Las sempiternas sirenas de los servicios de urgencias, convertidas en improvisadas bandas sonoras que acunan siniestramente las almas que el mundo ha desheredado incluso antes de nacer, sacaron al joven abogado del abotargado lisérgico que lo había mantenido atado a su dolor.



Apartando al andar toda la porquería acumulada por la raída moqueta, arrastró los despojos de su cuerpo a la insalubre ducha, de un color marrón de tono indefinido adquirido a base del esfuerzo conjunto de capas de suciedad y una limpiadora inexistente. Resultó ser un bálsamo más acertado de lo que esperaba, devolviéndole parte de la vida que había estado perdiendo en las últimas horas y reactivando músculos que creía perdidos. Un oxidado espejo que apenas dejaba ver la imagen que reflejaba, le recordó que la espesa barba eran los últimos rasgos visibles que le quedaban de su paso por el purgatorio de los castigados, que le habían infringido una profunda herida en el alma y un naufragio masivo de su anterior vida.

Ese hombre que reflejaba el espejo no parecía, ni de lejos, al Sam Citrix que pasaba por ser el abogado contratado más prometedor del omnipresente buffet de Los Angeles, Andersen, Blackburg &Rubinstein. Especialistas en litigios mercantiles, AB&R era el buffet de cabecera de toda la industria cinematográfica, contando entre sus clientes con la flor y nata de directores, actores y productores de Hollywood, tanto del cine tradicional, como la potente industria pornográfica del valle de San Fernando. Con clientes en el que dinero no tiene el menor significado, su éxito se basaba en su impecable política de confidencialidad que hacía las delicias de la industria, lo que provocaba, como efectos colaterales, que el movimiento de personas y documentos dentro del recinto de la empresa estuviera siempre fiscalizado por un potente servicio de vigilancia. Conocidos como “los controladores de plagas” eran temidos por los mismísimos socios de la firma, contando entre sus competencias  no solo el estricto ámbito profesional, sino que traspasaban las fronteras del edificio para convertirse en verdaderos hombres de negro, que velaban por el estricto cumplimiento de las normas y la rectitud en el proceder de cada empleado. El gerente de la división de espionaje, Robert Kallum, un exmilitar de mirada dura como el pedernal y modales de soldado curtido en las calderas en la que se cocinan las guerras,  estaba autorizado a intervenir, por los medios que creyera conveniente, contra cualquier empleado de la compañía, llegando a traspasar la delgada línea de la legalidad, utilizando la fuerza, extorsión y el chantaje en casos que lo requiriera.  

Citrix pronto llegaría a ser socio y su nombre adornaría la fachada principal del edificio en enormes letras plateadas, que llenaría de números dorados la cuenta corriente desterrando para siempre los rojos.
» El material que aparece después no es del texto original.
theorem lemma2p4:
  fixes VT :: "'b set" and ET :: "'b set set" and F1 F2 R :: "'b set"
    and V :: "'a set" and E :: "'a set set" and X Y X' Y' :: "'a set"
    and \<epsilon> \<alpha> :: real and \<phi> :: "'b \<Rightarrow> 'a"
  assumes T: "tree VT ET"
    and F: "colour_classes VT ET F1 F2"
    and R: "R \<subseteq> F1" "card R \<le> 2"
    and R2: "card R = 2 \<Longrightarrow> \<not> (\<exists>w\<in>VT. \<forall>r\<in>R. adj ET r w)"
    and eps: "\<epsilon> > 0" and alpha: "\<alpha> > 2 * \<epsilon>"
    and G: "graph V E"
    and XY: "X \<subseteq> V" "Y \<subseteq> V" "X \<inter> Y = {}"
    and reg: "eps_regular E \<epsilon> X Y"
    and dens: "density E X Y > 3 * \<alpha>"
    and F1X: "real (card F1) \<le> \<epsilon> * real (card X)"
    and F2Y: "real (card F2) \<le> \<epsilon> * real (card Y)"
    and X': "X' \<subseteq> X" "real (card X') > 2 * (\<epsilon> / \<alpha>) * real (card X)"
    and Y': "Y' \<subseteq> Y" "real (card Y') > 2 * (\<epsilon> / \<alpha>) * real (card Y)"
    and phi_inj: "inj_on \<phi> R"
    and phi_into: "\<phi> ` R \<subseteq> {x\<in>X'. real (card (neighbours_in E x Y')) > 3 * \<epsilon> * real (card Y)}"
  shows "\<exists>\<psi>. inj_on \<psi> VT \<and> \<psi> ` VT \<subseteq> X \<union> Y \<and> (\<forall>r\<in>R. \<psi> r = \<phi> r)
           \<and> (\<forall>u v. {u, v} \<in> ET \<longrightarrow> {\<psi> u, \<psi> v} \<in> E)
           \<and> \<psi> ` F1 \<subseteq> X' \<and> \<psi> ` F2 \<subseteq> Y'"
proof -
  interpret dense_regular_pair V E X Y X' Y' \<epsilon> \<alpha>
    using G XY reg dens eps alpha X' Y' by unfold_locales
  have "finite VT" "VT = F1 \<union> F2"
    using T F by (simp_all add: tree_def graph_def colour_classes_def)
  then have "embedding_problem VT ET F1 F2 R \<phi> {}"
    using T F R R2 F1X F2Y phi_inj phi_into
    by (simp add: embedding_problem_def admissible_forest_def tree_def within_budget_def
        admissible_prescription_def good_X_def)
  then obtain \<psi> where emb: "embeds VT ET F1 F2 {} \<psi>" and agree: "\<forall>r\<in>R. \<psi> r = \<phi> r"
    using embedding_problem_solvable unfolding solvable_def by blast
  have "\<psi> ` F1 \<subseteq> X'" "\<psi> ` F2 \<subseteq> Y'"
    using emb good_X_sub swap.good_X_sub by (auto simp: embeds_def)
  then have "\<psi> ` VT \<subseteq> X \<union> Y"
    using \<open>VT = F1 \<union> F2\<close> X'(1) Y'(1) by auto
  then show ?thesis
    using emb agree \<open>\<psi> ` F1 \<subseteq> X'\<close> \<open>\<psi> ` F2 \<subseteq> Y'\<close> by (auto simp: embeds_def adj_def)
qed
(* For diagonal physical $Q=\operatorname{diag}(\lambda_1,\lambda_2,\lambda_3)$ with $-\tfrac13<\lambda_1\le\lambda_2\le\lambda_3<\tfrac23$, $\lambda_1+\lambda_2+\lambda_3=0$, the Lagrange multiplier $\mu_1$ of its optimal density satisfies $\mu_1\to-\infty$ as $\lambda_1\to-\tfrac13$; that is, for every $M>0$ there is $\eta>0$ such that $\lambda_1+\tfrac13<\eta$ implies $\mu_1<-M$.
   Context: Points of the unit sphere $\mathbb S^2$ are written $(x,y,z)$, and $\mathrm dS$ is surface measure. For a physical $Q$ (symmetric traceless with all eigenvalues in $(-\tfrac13,\tfrac23)$) the Ball–Majumdar potential is $f(Q)=\inf\int_{\mathbb S^2}\rho\ln\rho\,\mathrm dS$ over even probability densities $\rho$ with $\int(\mathbf n\otimes\mathbf n-\tfrac13I_3)\rho\,\mathrm dS=Q$. For diagonal physical $Q=\operatorname{diag}(\lambda_1,\lambda_2,\lambda_3)$ this infimum is attained by $\rho_Q(x,y,z)=\exp(\mu_1x^2+\mu_2y^2+\mu_3z^2)/Z$, $Z=\int_{\mathbb S^2}\exp(\mu_1x^2+\mu_2y^2+\mu_3z^2)\,\mathrm dS$, where the Lagrange multipliers $\mu_1,\mu_2,\mu_3\in\mathbb R$ satisfy $\mu_1+\mu_2+\mu_3=0$ and $\int x^2\rho_Q\,\mathrm dS=\lambda_1+\tfrac13$, $\int y^2\rho_Q\,\mathrm dS=\lambda_2+\tfrac13$, $\int z^2\rho_Q\,\mathrm dS=\lambda_3+\tfrac13$. *)

theory Defs
  imports "HOL-Analysis.Analysis"
begin

text \<open>Integral over the unit sphere S^2 with respect to surface measure dS,
  written in spherical coordinates
  (x,y,z) = (sin t cos p, sin t sin p, cos t), dS = sin t dt dp,
  with t in [0,pi] and p in [0,2 pi].\<close>
definition sphere_integral :: "(real \<Rightarrow> real \<Rightarrow> real \<Rightarrow> real) \<Rightarrow> real" where
  "sphere_integral g =
     integral (cbox (0, 0) (pi, 2 * pi))
       (\<lambda>(t, p). g (sin t * cos p) (sin t * sin p) (cos t) * sin t)"

definition bm_weight :: "real \<Rightarrow> real \<Rightarrow> real \<Rightarrow> real \<Rightarrow> real \<Rightarrow> real \<Rightarrow> real" where
  "bm_weight \<mu>1 \<mu>2 \<mu>3 x y z = exp (\<mu>1 * x\<^sup>2 + \<mu>2 * y\<^sup>2 + \<mu>3 * z\<^sup>2)"

definition bm_Z :: "real \<Rightarrow> real \<Rightarrow> real \<Rightarrow> real" where
  "bm_Z \<mu>1 \<mu>2 \<mu>3 = sphere_integral (bm_weight \<mu>1 \<mu>2 \<mu>3)"

definition bm_rho :: "real \<Rightarrow> real \<Rightarrow> real \<Rightarrow> real \<Rightarrow> real \<Rightarrow> real \<Rightarrow> real" where
  "bm_rho \<mu>1 \<mu>2 \<mu>3 x y z = bm_weight \<mu>1 \<mu>2 \<mu>3 x y z / bm_Z \<mu>1 \<mu>2 \<mu>3"

definition bm_multipliers :: "real \<Rightarrow> real \<Rightarrow> real \<Rightarrow> real \<Rightarrow> real \<Rightarrow> real \<Rightarrow> bool" where
  "bm_multipliers l1 l2 l3 \<mu>1 \<mu>2 \<mu>3 \<longleftrightarrow>
     \<mu>1 + \<mu>2 + \<mu>3 = 0 \<and>
     sphere_integral (\<lambda>x y z. x\<^sup>2 * bm_rho \<mu>1 \<mu>2 \<mu>3 x y z) = l1 + 1/3 \<and>
     sphere_integral (\<lambda>x y z. y\<^sup>2 * bm_rho \<mu>1 \<mu>2 \<mu>3 x y z) = l2 + 1/3 \<and>
     sphere_integral (\<lambda>x y z. z\<^sup>2 * bm_rho \<mu>1 \<mu>2 \<mu>3 x y z) = l3 + 1/3"

end

theory Submission
  imports Defs
begin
Como pasante del buffet, en sus tiempos libres, reorganizó el archivo general, rebajando ostensiblemente el tiempo para encontrar un artículo o sentencia archivada, puso en marcha un sistema informático que hizo las delicias de los socios y que le daba acceso directo a todo juicio que se produjera dentro de los Estados Unidos en tiempo real; redujo la burocracia administrativa que se tradujo en que las minutas eran enviadas a los clientes el mismo día que se cerraba un caso, lo que repercutió instantáneamente en una mayor fluidez del líquido que ingresaba la firma.

Como abogado junior del litigante de turno, demostró su eficacia en infinidad de ocasiones que le reportaron sucesivos ascensos hasta llegar al de abogado contratado para la sociedad comanditaria, y un espectacular aumento de las retribuciones, palmadas en la espalda y fiestas a las que era invitado. Kallum lo había investigado hasta el más mínimo detalle, llegando a grabarle encuentros sexuales con su novia Megan Logon, por si se le detectaba algún tipo de desviación sexual que constituyera algún desorden digno de mención en el informe vinculante que pasaba a los socios, y que sin él era imposible que se hiciera preceptivo el ascenso prometido.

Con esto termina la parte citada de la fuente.